- _The task_
Return copies of the lines below that mention "forall".

- _Record excerpts_

^^^^

lemma TFF_append_zeros:
  assumes "TFF \<alpha> (T :: 'n::finite itself) L"
  shows "TFF \<alpha> T (L @ replicate m 0)"
proof -
  obtain P :: "nat \<Rightarrow> real^'n^'n" where P: "\<forall>k<length L. orth_proj (P k) \<and> rank (P k) = L ! k"
    and sum_P: "(\<Sum>k<length L. P k) = \<alpha> *\<^sub>R mat 1"
    using assms unfolding TFF_def by blast
  define P' where "P' k = (if k < length L then P k else 0)" for k
  have "(\<Sum>k<length L + m. P' k) = (\<Sum>k<length L. P k)"
    by (subst sum.mono_neutral_right[of "{..<length L + m}" "{..<length L}"]) (auto simp: P'_def)
  moreover have "\<forall>k<length L + m. orth_proj (P' k) \<and> rank (P' k) = (L @ replicate m 0) ! k"
    using P by (auto simp: P'_def nth_append orth_proj_zero)
  ultimately show ?thesis
    unfolding TFF_def using sum_P by (intro exI[of _ P']) simp
qed

theorem theorem2p3:
  fixes L L' :: "nat list" and \<alpha> :: real
  assumes "weakly_decr_pos L" and "weakly_decr_pos L'"
    and "majorized L L'"
    and "TFF \<alpha> TYPE('n::finite) L'"
  shows "TFF \<alpha> TYPE('n) L"
proof -
  have len: "length L' \<le> length L"
    using assms(2,3) majorized_length_le by (auto simp: weakly_decr_pos_def)
  let ?L'' = "L' @ replicate (length L - length L') 0"
  have "TFF \<alpha> TYPE('n) ?L''"
    using assms(4) by (rule TFF_append_zeros)
  moreover have "majorized L ?L''"
    using assms(3) len by (rule majorized_append_zeros)
  moreover have "sorted_wrt (\<ge>) L"
    using assms(1) by (simp add: weakly_decr_pos_def)
  ultimately show ?thesis
    using transfer_closed_majorized[where S = "TFF \<alpha> TYPE('n)" and xs = ?L'' and ys = L,
        OF TFF_transfer] len by simp
qed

^^^^

- _Exercise answer_
  obtain P :: "nat \<Rightarrow> real^'n^'n" where P: "\<forall>k<length L. orth_proj (P k) \<and> rank (P k) = L ! k"
  moreover have "\<forall>k<length L + m. orth_proj (P' k) \<and> rank (P' k) = (L @ replicate m 0) ! k"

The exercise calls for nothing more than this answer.